### Task directions
Which lines below contain the word "imports"? Copy each one.

### Source material
--- START ---

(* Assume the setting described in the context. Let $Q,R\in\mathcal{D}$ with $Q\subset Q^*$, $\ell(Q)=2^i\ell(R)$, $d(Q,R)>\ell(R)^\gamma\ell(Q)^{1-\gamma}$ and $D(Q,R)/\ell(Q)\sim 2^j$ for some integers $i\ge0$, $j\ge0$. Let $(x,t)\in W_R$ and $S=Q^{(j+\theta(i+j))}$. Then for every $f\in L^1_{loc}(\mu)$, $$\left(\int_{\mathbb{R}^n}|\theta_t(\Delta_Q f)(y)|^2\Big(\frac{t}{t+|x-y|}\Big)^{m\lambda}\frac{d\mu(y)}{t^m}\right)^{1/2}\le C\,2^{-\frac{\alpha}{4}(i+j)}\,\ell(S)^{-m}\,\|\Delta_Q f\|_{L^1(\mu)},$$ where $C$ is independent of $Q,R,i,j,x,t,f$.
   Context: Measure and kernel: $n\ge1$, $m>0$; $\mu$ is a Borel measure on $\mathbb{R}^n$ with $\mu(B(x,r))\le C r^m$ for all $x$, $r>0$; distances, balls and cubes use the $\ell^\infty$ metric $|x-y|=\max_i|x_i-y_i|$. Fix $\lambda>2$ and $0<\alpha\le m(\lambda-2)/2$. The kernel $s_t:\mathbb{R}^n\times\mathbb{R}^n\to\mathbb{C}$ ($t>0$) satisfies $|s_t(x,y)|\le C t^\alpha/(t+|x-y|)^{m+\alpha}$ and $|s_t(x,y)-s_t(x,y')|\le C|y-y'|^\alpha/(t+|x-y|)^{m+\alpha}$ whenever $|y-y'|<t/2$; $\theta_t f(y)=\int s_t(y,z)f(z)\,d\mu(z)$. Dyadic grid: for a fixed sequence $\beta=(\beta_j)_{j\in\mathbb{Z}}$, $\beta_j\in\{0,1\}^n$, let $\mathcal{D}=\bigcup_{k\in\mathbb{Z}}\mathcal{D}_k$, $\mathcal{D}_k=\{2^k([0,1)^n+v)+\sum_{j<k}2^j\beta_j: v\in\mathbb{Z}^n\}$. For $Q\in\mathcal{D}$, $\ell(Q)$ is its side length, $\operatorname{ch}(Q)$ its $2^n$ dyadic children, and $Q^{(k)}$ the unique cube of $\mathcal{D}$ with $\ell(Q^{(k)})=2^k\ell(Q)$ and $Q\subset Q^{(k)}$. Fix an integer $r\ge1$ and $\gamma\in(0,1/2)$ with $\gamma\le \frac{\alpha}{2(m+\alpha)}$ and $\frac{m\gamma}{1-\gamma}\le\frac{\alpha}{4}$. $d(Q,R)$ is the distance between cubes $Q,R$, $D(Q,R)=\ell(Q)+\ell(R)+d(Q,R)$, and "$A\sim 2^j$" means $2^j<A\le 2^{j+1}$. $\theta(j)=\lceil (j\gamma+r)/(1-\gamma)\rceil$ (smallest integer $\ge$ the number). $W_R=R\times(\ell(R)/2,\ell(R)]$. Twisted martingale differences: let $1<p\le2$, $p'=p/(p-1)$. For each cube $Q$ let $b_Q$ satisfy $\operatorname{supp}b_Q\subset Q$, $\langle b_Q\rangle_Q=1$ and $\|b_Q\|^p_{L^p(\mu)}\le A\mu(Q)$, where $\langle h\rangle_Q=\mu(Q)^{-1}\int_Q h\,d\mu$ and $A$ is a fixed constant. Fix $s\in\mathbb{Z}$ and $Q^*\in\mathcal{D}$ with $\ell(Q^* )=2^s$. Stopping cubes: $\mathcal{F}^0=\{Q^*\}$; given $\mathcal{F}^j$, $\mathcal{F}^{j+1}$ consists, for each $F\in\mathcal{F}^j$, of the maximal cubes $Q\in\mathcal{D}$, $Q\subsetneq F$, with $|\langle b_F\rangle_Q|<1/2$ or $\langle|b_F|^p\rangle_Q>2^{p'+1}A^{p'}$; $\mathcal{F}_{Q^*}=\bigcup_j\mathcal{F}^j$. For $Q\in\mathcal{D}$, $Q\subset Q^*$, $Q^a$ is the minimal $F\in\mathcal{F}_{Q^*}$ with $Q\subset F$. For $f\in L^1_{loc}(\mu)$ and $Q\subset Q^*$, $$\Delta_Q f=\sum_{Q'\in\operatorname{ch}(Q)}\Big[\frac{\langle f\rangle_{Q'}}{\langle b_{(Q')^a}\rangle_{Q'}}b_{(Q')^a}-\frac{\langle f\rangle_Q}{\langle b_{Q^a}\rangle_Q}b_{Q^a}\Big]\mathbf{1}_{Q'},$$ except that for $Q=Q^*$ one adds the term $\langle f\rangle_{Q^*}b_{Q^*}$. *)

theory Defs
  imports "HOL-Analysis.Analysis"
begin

--- END ---
--- START ---

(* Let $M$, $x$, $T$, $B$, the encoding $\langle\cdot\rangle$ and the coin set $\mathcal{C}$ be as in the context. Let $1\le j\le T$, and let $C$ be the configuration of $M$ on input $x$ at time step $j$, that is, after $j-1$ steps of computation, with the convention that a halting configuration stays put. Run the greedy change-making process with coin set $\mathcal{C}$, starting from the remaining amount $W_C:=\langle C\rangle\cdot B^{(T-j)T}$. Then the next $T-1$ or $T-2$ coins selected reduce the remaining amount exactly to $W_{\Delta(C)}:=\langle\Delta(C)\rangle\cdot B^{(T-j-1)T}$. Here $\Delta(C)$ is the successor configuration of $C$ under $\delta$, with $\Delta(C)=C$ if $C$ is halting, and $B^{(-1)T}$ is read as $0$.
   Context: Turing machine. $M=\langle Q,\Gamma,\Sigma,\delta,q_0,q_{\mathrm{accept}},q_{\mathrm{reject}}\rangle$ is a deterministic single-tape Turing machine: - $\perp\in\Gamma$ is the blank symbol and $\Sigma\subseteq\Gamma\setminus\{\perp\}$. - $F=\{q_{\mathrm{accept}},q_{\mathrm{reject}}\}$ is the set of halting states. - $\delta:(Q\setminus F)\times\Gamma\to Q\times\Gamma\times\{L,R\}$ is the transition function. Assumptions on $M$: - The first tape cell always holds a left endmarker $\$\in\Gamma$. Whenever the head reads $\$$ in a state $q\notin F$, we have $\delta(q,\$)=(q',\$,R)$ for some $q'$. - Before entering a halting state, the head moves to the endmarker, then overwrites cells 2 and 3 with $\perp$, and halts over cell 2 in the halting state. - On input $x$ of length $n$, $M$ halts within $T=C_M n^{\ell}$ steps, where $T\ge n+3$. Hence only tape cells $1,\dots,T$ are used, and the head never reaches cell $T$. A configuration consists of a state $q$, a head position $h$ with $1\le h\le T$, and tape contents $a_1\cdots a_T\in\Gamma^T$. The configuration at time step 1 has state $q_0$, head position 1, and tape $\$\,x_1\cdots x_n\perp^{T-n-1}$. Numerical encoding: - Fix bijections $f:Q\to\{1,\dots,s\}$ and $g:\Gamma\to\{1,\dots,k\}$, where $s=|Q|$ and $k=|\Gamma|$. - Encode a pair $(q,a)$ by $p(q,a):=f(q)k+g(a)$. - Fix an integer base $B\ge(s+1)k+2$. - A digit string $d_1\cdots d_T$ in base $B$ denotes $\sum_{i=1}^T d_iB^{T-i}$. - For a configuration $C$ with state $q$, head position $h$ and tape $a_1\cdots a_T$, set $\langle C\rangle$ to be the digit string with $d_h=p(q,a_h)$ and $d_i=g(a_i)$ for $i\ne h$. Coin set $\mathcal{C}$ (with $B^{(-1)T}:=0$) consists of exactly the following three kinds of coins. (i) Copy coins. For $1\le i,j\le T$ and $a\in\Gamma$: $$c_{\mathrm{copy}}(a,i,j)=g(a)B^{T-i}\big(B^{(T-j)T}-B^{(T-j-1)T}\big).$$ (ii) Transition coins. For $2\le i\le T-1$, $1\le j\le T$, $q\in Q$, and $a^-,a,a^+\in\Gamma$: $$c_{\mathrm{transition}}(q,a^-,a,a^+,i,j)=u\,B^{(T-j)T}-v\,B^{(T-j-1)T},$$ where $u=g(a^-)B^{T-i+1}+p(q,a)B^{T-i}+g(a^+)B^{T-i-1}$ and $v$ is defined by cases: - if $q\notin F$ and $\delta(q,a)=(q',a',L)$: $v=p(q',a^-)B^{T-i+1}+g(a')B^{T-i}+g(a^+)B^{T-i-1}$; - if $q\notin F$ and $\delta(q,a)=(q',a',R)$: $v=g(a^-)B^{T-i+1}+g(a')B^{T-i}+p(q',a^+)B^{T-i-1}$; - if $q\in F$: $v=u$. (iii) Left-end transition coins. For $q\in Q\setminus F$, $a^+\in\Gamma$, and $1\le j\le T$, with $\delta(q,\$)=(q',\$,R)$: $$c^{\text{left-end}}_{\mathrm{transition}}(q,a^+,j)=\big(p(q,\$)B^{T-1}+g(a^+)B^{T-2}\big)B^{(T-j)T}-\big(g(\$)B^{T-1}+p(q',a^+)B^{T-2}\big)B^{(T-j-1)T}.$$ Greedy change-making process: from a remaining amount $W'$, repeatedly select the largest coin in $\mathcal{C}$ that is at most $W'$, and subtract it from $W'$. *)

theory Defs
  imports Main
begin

--- END ---

### Task solution
  imports "HOL-Analysis.Analysis"
  imports Main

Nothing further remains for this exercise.